Stan Szukala

Personal information
- Born: June 12, 1918
- Died: August 30, 2003 (aged 85) Park Ridge, Illinois, U.S.
- Listed height: 6 ft 1 in (1.85 m)
- Listed weight: 175 lb (79 kg)

Career information
- High school: Carl Schurz (Chicago, Illinois)
- College: DePaul (1937–1940)
- Playing career: 1940–1947
- Position: Guard

Career history
- 1940–1942: Chicago Bruins
- 1945–1947: Chicago American Gears

Career highlights
- NBL champion (1947); 2× Second-team All-American – MSG (1939, 1940);

= Stan Szukala =

American basketball player

Stanley Szukala (June 12, 1918 – October 30, 2003) was an American basketball player.
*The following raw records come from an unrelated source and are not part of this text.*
lemma aed_reach_imp_align: "aed_reach x z c \<Longrightarrow> \<exists>c' \<le> c. align x z c'"
proof (induction rule: aed_reach.induct)
  case (refl x)
  then show ?case using align_refl by blast
next
  case (ins x z c i w)
  then obtain c' where "c' \<le> c" "align x z c'"
    by blast
  then show ?case
    using align_insert_at[of x z c' i w] ins.hyps(2) by (intro exI[of _ "c' + length w"]) auto
next
  case (subst x z c i w)
  then obtain c' where "c' \<le> c" "align x z c'"
    by blast
  then obtain c'' where "c'' \<le> c' + ed (z ! i) w" "align x (z[i := w]) c''"
    using align_update subst.hyps(2) by blast
  then show ?case
    using \<open>c' \<le> c\<close> by (intro exI[of _ c'']) auto
qed

lemma aed_reach_Cons: "aed_reach x z c \<Longrightarrow> aed_reach (a # x) (a # z) c"
proof (induction rule: aed_reach.induct)
  case (refl x)
  then show ?case by (rule aed_reach.refl)
next
  case (ins x z c i w)
  then show ?case using aed_reach.ins[OF ins.IH, of "Suc i" w] by simp
next
  case (subst x z c i w)
  then show ?case using aed_reach.subst[OF subst.IH, of "Suc i" w] by simp
qed

lemma align_imp_aed_reach: "align x z c \<Longrightarrow> aed_reach x z c"
proof (induction rule: align.induct)
  case nil
  then show ?case by (rule aed_reach.refl)
next
  case (ins x z c w)
  then show ?case using aed_reach.ins[OF ins.IH, of 0 w] by simp
next
  case (sub x z c a w)
  then show ?case using aed_reach.subst[OF aed_reach_Cons[OF sub.IH], where i = 0 and w = w] by simp
qed

lemma aed_le_align: "align x z c \<Longrightarrow> aed x z \<le> c"
  unfolding aed_def by (rule Least_le) (rule align_imp_aed_reach)

lemma align_aed:
  assumes "length x \<le> length z"
  shows "align x z (aed x z)"
proof -
  obtain c where "align x z c"
    using align_exists[OF assms] by blast
  then have "aed_reach x z (aed x z)"
    unfolding aed_def by (rule LeastI[OF align_imp_aed_reach])
  then obtain c' where "c' \<le> aed x z" "align x z c'"
    using aed_reach_imp_align by blast
  then show ?thesis
    using aed_le_align[of x z c'] by (simp add: le_antisym)
qed

lemma aed_self [simp]: "aed x x = 0"
  using aed_le_align[OF align_refl] by simp

lemma aed_Cons_right_le: "length x \<le> length z \<Longrightarrow> aed x (w # z) \<le> aed x z + length w"
  by (rule aed_le_align) (rule align.ins[OF align_aed])

lemma aed_Cons_Cons_le: "length x \<le> length z \<Longrightarrow> aed (a # x) (w # z) \<le> aed x z + ed a w"
  by (rule aed_le_align) (rule align.sub[OF align_aed])

section \<open>Edit distance with give-up\<close>

lemma edg_Nil2 [simp]: "edg lam xs [] = lam * real (length xs)"
  by (cases xs) auto

lemma edg_Nil1 [simp]: "edg lam [] ys = lam * real (length ys)"
  by (cases ys) auto

lemma edg_le_giveup: "edg lam xs ys \<le> lam * real (length xs) + lam * real (length ys)"
  by (cases xs; cases ys) auto

lemma edg_le_deletion: "edg lam (a # xs) ys \<le> edg lam xs ys + lam + real (length a)"
  by (cases ys) (auto simp: algebra_simps)

lemma edg_le_insertion: "edg lam xs (b # ys) \<le> edg lam xs ys + lam + real (length b)"
  by (cases xs) (auto simp: algebra_simps)

lemma edg_le_substitution: "edg lam (a # xs) (b # ys) \<le> edg lam xs ys + lam + real (ed a b)"
  by simp

lemma edg_Cons_Cons_cases:
  obtains "edg lam (a # xs) (b # ys) = edg lam xs ys + lam + real (ed a b)"
  | "edg lam (a # xs) (b # ys) = edg lam (a # xs) ys + lam + real (ed [] b)"
  | "edg lam (a # xs) (b # ys) = edg lam xs (b # ys) + lam + real (ed a [])"
  | "edg lam (a # xs) (b # ys) = lam * real (length (a # xs)) + lam * real (length (b # ys))"
  by (simp only: edg.simps(4)) linarith

lemma edg_le_align_common_prefix:
  assumes "lam \<ge> 0" "align x (C @ P) c1" "align y (C @ Q) c2"
  shows "edg lam x y \<le> real c1 + real c2 + lam * real (length C + length P + length Q)"
  using assms(2,3)
proof (induction C arbitrary: x y c1 c2)
  case Nil
  have "edg lam x y \<le> lam * real (length x) + lam * real (length y)"
    by (rule edg_le_giveup)
  also have "\<dots> \<le> lam * real (length P) + lam * real (length Q)"
    using align_length_le[OF Nil.prems(1)] align_length_le[OF Nil.prems(2)] assms(1)
    by (intro add_mono mult_left_mono) auto
  finally show ?case
    by (simp add: algebra_simps)
next
  case (Cons w C)
  have step: "lam * real (length (w # C) + length P + length Q)
      = lam * real (length C + length P + length Q) + lam"
    by (simp add: algebra_simps)
  have length_le: "length b \<le> ed b w + length w" for b
    by (rule length_le_ed_add_length)
  have triangle: "ed a b \<le> ed a w + ed b w" for a b
    using ed_triangle[of a b w] ed_commute[of b w] by simp
  consider
      (ins_ins) c1' c2' where "align x (C @ P) c1'" "c1 = c1' + length w"
        "align y (C @ Q) c2'" "c2 = c2' + length w"
    | (ins_sub) c1' y' b c2' where "align x (C @ P) c1'" "c1 = c1' + length w"
        "y = b # y'" "align y' (C @ Q) c2'" "c2 = c2' + ed b w"
    | (sub_ins) x' a c1' c2' where "x = a # x'" "align x' (C @ P) c1'" "c1 = c1' + ed a w"
        "align y (C @ Q) c2'" "c2 = c2' + length w"
    | (sub_sub) x' a c1' y' b c2' where "x = a # x'" "align x' (C @ P) c1'" "c1 = c1' + ed a w"
        "y = b # y'" "align y' (C @ Q) c2'" "c2 = c2' + ed b w"
    using Cons.prems by (elim align.cases[of x] align.cases[of y]) auto
  then show ?case
  proof cases
    case ins_ins
    then show ?thesis
      using Cons.IH[OF ins_ins(1,3)] assms(1) unfolding step by simp
  next
    case ins_sub
    then show ?thesis
      using Cons.IH[OF ins_sub(1,4)] edg_le_insertion[of lam x b y'] length_le[of b]
      unfolding step by simp
  next
    case sub_ins
    then show ?thesis
      using Cons.IH[OF sub_ins(2,4)] edg_le_deletion[of lam a x' y] length_le[of a]
      unfolding step by simp
  next
    case sub_sub
    then show ?thesis
      using Cons.IH[OF sub_sub(2,5)] edg_le_substitution[of lam a x' b y'] triangle[of a b]
      unfolding step by simp
  qed
qed

section \<open>Root paths in a tree\<close>

declare tree_path.simps [simp del]

function node_path :: "(nat \<times> 'a list) list \<Rightarrow> nat \<Rightarrow> nat list" where
  "node_path ns v =
     (if v = 0 \<or> length ns < v \<or> v \<le> fst (ns ! (v - 1)) then []
      else node_path ns (fst (ns ! (v - 1))) @ [v])"
  by pat_completeness auto
termination by (relation "measure (\<lambda>(ns, v). v)") auto

declare node_path.simps [simp del]

lemma tree_path_eq_map_node_path:
  "tree_path ns v = map (\<lambda>u. snd (ns ! (u - 1))) (node_path ns v)"
  by (induction ns v rule: node_path.induct) (subst tree_path.simps, subst node_path.simps, auto)

lemma node_path_bounds: "u \<in> set (node_path ns v) \<Longrightarrow> 1 \<le> u \<and> u \<le> v \<and> u \<le> length ns"
  by (induction ns v rule: node_path.induct) (subst (asm) node_path.simps, auto split: if_splits)

lemma distinct_node_path: "distinct (node_path ns v)"
proof (induction ns v rule: node_path.induct)
  case (1 ns v)
  then show ?case
    using node_path_bounds[of v ns "fst (ns ! (v - 1))"] by (subst node_path.simps) auto
qed

lemma prefix_node_path: "u \<in> set (node_path ns v) \<Longrightarrow> prefix (node_path ns u) (node_path ns v)"
proof (induction ns v rule: node_path.induct)
  case (1 ns v)
  show ?case
  proof (cases "v = 0 \<or> length ns < v \<or> v \<le> fst (ns ! (v - 1))")
    case True
    then show ?thesis using "1.prems" by (subst (asm) node_path.simps) simp
  next
    case False
    then have v: "node_path ns v = node_path ns (fst (ns ! (v - 1))) @ [v]"
      by (subst node_path.simps) simp
    show ?thesis
    proof (cases "u = v")
      case False
      then have "prefix (node_path ns u) (node_path ns (fst (ns ! (v - 1))))"
        using "1.IH" "1.prems" \<open>\<not> (v = 0 \<or> _)\<close> v by simp
      then show ?thesis
        unfolding v by simp
    qed simp
  qed
qed

lemma mem_node_path_self:
  "valid_tree ns \<Longrightarrow> 1 \<le> v \<Longrightarrow> v \<le> length ns \<Longrightarrow> v \<in> set (node_path ns v)"
  unfolding valid_tree_def by (subst node_path.simps) (auto dest!: spec[of _ "v - 1"])

text \<open>A node common to two root paths lies on their longest common prefix, so the two paths
  branch into node-disjoint parts.\<close>

lemma tree_paths_common_prefix:
  assumes "valid_tree ns"
  obtains C P Q where "tree_path ns u = C @ P" "tree_path ns v = C @ Q"
    "length C + length P + length Q \<le> length ns"
proof -
  define A where "A = node_path ns u"
  define B where "B = node_path ns v"
  define L where "L = longest_common_prefix A B"
  define label where "label = (\<lambda>k. snd (ns ! (k - 1)))"
  obtain A' B' where A: "A = L @ A'" and B: "B = L @ B'"
    using longest_common_prefix_prefix1[of A B] longest_common_prefix_prefix2[of A B]
    unfolding L_def prefix_def by blast
  have common: "s \<in> set L" if "s \<in> set A" "s \<in> set B" for s
  proof -
    have "prefix (node_path ns s) L"
      unfolding L_def using that prefix_node_path longest_common_prefix_max_prefix
      unfolding A_def B_def by blast
    moreover have "s \<in> set (node_path ns s)"
      using that node_path_bounds mem_node_path_self[OF assms] unfolding A_def by blast
    ultimately show ?thesis
      using set_mono_prefix by blast
  qed
  have "distinct A" "distinct B"
    unfolding A_def B_def by (rule distinct_node_path)+
  then have distinct: "distinct (L @ A' @ B')"
    using common unfolding A B by auto
  have "set A \<union> set B \<subseteq> {1..length ns}"
    using node_path_bounds unfolding A_def B_def by fastforce
  then have "card (set (L @ A' @ B')) \<le> card {1..length ns}"
    unfolding A B by (intro card_mono) auto
  then have "length L + length A' + length B' \<le> length ns"
    using distinct_card[OF distinct] by simp
  moreover have "tree_path ns u = map label L @ map label A'"
    "tree_path ns v = map label L @ map label B'"
    unfolding tree_path_eq_map_node_path label_def[symmetric] A_def[symmetric] B_def[symmetric] A B
    by simp_all
  ultimately show thesis
    using that by simp
qed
He was an All-American college player at DePaul University and played for four seasons in the American National Basketball League (NBL), a forerunner to the National Basketball Association (NBA). He was a member of the 1947 NBL champion Chicago American Gears, playing alongside future Hall of Fame center George Mikan. He also would become the head coach for the Grand Rapids Rangers within the short-lived Professional Basketball League of America. Not only that, but during that brief period of time, he would enlist the future 38th President of the United States, Gerald Ford, as a business manager to the team to operate next to Szukala during his brief time as head coach for the Rangers.